# What you are asked to do
Your response should be the lines from the one containing "average, over the" through the end of the material, copied exactly and with nothing added.

# The input
(* Let $p\geq1$, let $\varrho:\mathscr{P}(\mathbb{R})\to\mathbb{R}$ be a functional and let $\mathscr{M}\subset\mathscr{P}_p(\mathbb{R})$. For $N\in\mathbb{N}$ and $\boldsymbol\xi=(\xi^1,\dots,\xi^N)\in\mathbb{R}^N$ let $P_N^{\boldsymbol\xi}=\frac1N\sum_{i=1}^N\delta_{\xi^i}$ denote the empirical distribution, and define $\widehat\varrho_N:\mathbb{R}^N\to\mathbb{R}$ by $\widehat\varrho_N(\boldsymbol\xi)=\varrho(P_N^{\boldsymbol\xi})$. Fix $N\in\mathbb{N}$ and assume there is a constant $L>0$ such that $$|\varrho(P_N^{\boldsymbol\xi})-\varrho(P_N^{\widehat{\boldsymbol\xi}})|\leq\frac LN\sum_{k=1}^N c_p(\xi^k,\widehat\xi^k)|\xi^k-\widehat\xi^k|\quad\text{for all }\boldsymbol\xi,\widehat{\boldsymbol\xi}\in\mathbb{R}^N.$$ Then $$\mathsf{d}_K\big(P^{\otimes N}\circ\widehat\varrho_N^{-1},\,Q^{\otimes N}\circ\widehat\varrho_N^{-1}\big)\leq L\,\mathsf{d}_{FM,p}(P,Q)<+\infty\quad\text{for all }P,Q\in\mathscr{M}.$$ If the assumption holds (with the same $L$) for all $N\in\mathbb{N}$, then this inequality holds for all $N\in\mathbb{N}$. In particular, when $p=1$, $\mathsf{d}_K\big(P^{\otimes N}\circ\widehat\varrho_N^{-1},Q^{\otimes N}\circ\widehat\varrho_N^{-1}\big)\leq L\,\mathsf{d}_K(P,Q)<+\infty$ for all $P,Q\in\mathscr{M}$.
   Context: $\mathscr{P}(\mathbb{R})$ is the set of Borel probability measures on $\mathbb{R}$. For $p\geq1$, $c_p(\xi,\tilde\xi)=\max\{1,|\xi|,|\tilde\xi|\}^{p-1}$; $\mathcal{F}_p(\mathbb{R})$ is the set of $\psi:\mathbb{R}\to\mathbb{R}$ with $|\psi(\xi)-\psi(\tilde\xi)|\leq c_p(\xi,\tilde\xi)|\xi-\tilde\xi|$ for all $\xi,\tilde\xi$; the Fortet–Mourier metric is $\mathsf{d}_{FM,p}(P,Q)=\sup_{\psi\in\mathcal{F}_p(\mathbb{R})}|\int\psi\,dP-\int\psi\,dQ|$, and the Kantorovich metric is $\mathsf{d}_K=\mathsf{d}_{FM,1}$ (supremum over $1$-Lipschitz functions). $\mathscr{P}_p(\mathbb{R})=\{P\in\mathscr{P}(\mathbb{R}):\mathsf{d}_{FM,p}(P,\delta_0)<+\infty\}$, with $\delta_0$ the Dirac measure at $0$. $P^{\otimes N}$ is the $N$-fold product measure on $\mathbb{R}^N$ and $P^{\otimes N}\circ\widehat\varrho_N^{-1}$ is the law of $\widehat\varrho_N(\xi^1,\dots,\xi^N)$ when $\xi^1,\dots,\xi^N$ are i.i.d. with law $P$. *)

theory Defs
  imports "HOL-Probability.Probability"
begin

definition c_p :: "real \<Rightarrow> real \<Rightarrow> real \<Rightarrow> real" where
  "c_p p x y = (max 1 (max \<bar>x\<bar> \<bar>y\<bar>)) powr (p - 1)"

definition FM_class :: "real \<Rightarrow> (real \<Rightarrow> real) set" where
  "FM_class p = {\<psi>. \<forall>x y. \<bar>\<psi> x - \<psi> y\<bar> \<le> c_p p x y * \<bar>x - y\<bar>}"

definition d_FM :: "real \<Rightarrow> real measure \<Rightarrow> real measure \<Rightarrow> ereal" where
  "d_FM p P Q = (SUP \<psi>\<in>FM_class p. ereal \<bar>(\<integral>x. \<psi> x \<partial>P) - (\<integral>x. \<psi> x \<partial>Q)\<bar>)"

definition d_K :: "real measure \<Rightarrow> real measure \<Rightarrow> ereal" where
  "d_K = d_FM 1"

definition ProbR :: "real measure set" where
  "ProbR = {P. prob_space P \<and> sets P = sets borel}"

definition Prob_p :: "real \<Rightarrow> real measure set" where
  "Prob_p p = {P \<in> ProbR. d_FM p P (return borel 0) < \<infinity>}"

text \<open>Empirical distribution (1/N) sum_{i<N} delta_(xi i) of the first N coordinates.\<close>
definition empirical :: "nat \<Rightarrow> (nat \<Rightarrow> real) \<Rightarrow> real measure" where
  "empirical N \<xi> = distr (uniform_count_measure {..<N}) borel \<xi>"

definition rho_hat :: "(real measure \<Rightarrow> real) \<Rightarrow> nat \<Rightarrow> (nat \<Rightarrow> real) \<Rightarrow> real" where
  "rho_hat \<rho> N \<xi> = \<rho> (empirical N \<xi>)"

definition law_rho_hat :: "(real measure \<Rightarrow> real) \<Rightarrow> nat \<Rightarrow> real measure \<Rightarrow> real measure" where
  "law_rho_hat \<rho> N P = distr (PiM {..<N} (\<lambda>_. P)) borel (rho_hat \<rho> N)"

end

theory Submission
  imports Defs
begin

text \<open>
  Interpolate between the product measures P^N and Q^N through the hybrids whose first j
  coordinates are drawn from Q and the remaining ones from P. Consecutive hybrids differ in a
  single coordinate, so by Fubini the change of the expectation of psi o rho_N between them is an
  average, over the other coordinates, of differences int f dP - int f dQ, where f, the dependence
  on the swapped coordinate, is L/N times a member of F_p by the Lipschitz hypothesis on rho.
  Each swap thus costs at most (L/N) d_FM,p(P,Q), and the N swaps add up to L d_FM,p(P,Q) for
  every 1-Lipschitz psi.

  Finiteness of d_FM,p on P_p comes from the triangle inequality through delta_0. Testing against
  the truncations of max(1,|x|)^p/p, a member of F_p, shows that the measures in P_p have finite
  p-th moments, which makes psi o rho_N integrable under every hybrid.
\<close>

lemma c_p_pos: "0 < c_p p x y"
  unfolding c_p_def by simp

lemma c_p_commute: "c_p p x y = c_p p y x"
  unfolding c_p_def by (simp add: max.commute)

lemma c_p_1 [simp]: "c_p 1 x y = 1"
  unfolding c_p_def by simp

lemma zero_in_FM_class: "(\<lambda>_. 0) \<in> FM_class p"
  unfolding FM_class_def using c_p_pos by (simp add: less_imp_le)

lemma FM_class_min_const:
  assumes "f \<in> FM_class p"
  shows "(\<lambda>x. min (f x) c) \<in> FM_class p"
proof -
  have "\<bar>min a c - min b c\<bar> \<le> \<bar>a - b\<bar>" for a b :: real
    by (simp add: min_def abs_if)
  then show ?thesis
    using assms unfolding FM_class_def by (blast intro: order_trans)
qed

# Exercise answer
  average, over the other coordinates, of differences int f dP - int f dQ, where f, the dependence
  on the swapped coordinate, is L/N times a member of F_p by the Lipschitz hypothesis on rho.
  Each swap thus costs at most (L/N) d_FM,p(P,Q), and the N swaps add up to L d_FM,p(P,Q) for
  every 1-Lipschitz psi.

  Finiteness of d_FM,p on P_p comes from the triangle inequality through delta_0. Testing against
  the truncations of max(1,|x|)^p/p, a member of F_p, shows that the measures in P_p have finite
  p-th moments, which makes psi o rho_N integrable under every hybrid.
\<close>

lemma c_p_pos: "0 < c_p p x y"
  unfolding c_p_def by simp

lemma c_p_commute: "c_p p x y = c_p p y x"
  unfolding c_p_def by (simp add: max.commute)

lemma c_p_1 [simp]: "c_p 1 x y = 1"
  unfolding c_p_def by simp

lemma zero_in_FM_class: "(\<lambda>_. 0) \<in> FM_class p"
  unfolding FM_class_def using c_p_pos by (simp add: less_imp_le)

lemma FM_class_min_const:
  assumes "f \<in> FM_class p"
  shows "(\<lambda>x. min (f x) c) \<in> FM_class p"
proof -
  have "\<bar>min a c - min b c\<bar> \<le> \<bar>a - b\<bar>" for a b :: real
    by (simp add: min_def abs_if)
  then show ?thesis
    using assms unfolding FM_class_def by (blast intro: order_trans)
qed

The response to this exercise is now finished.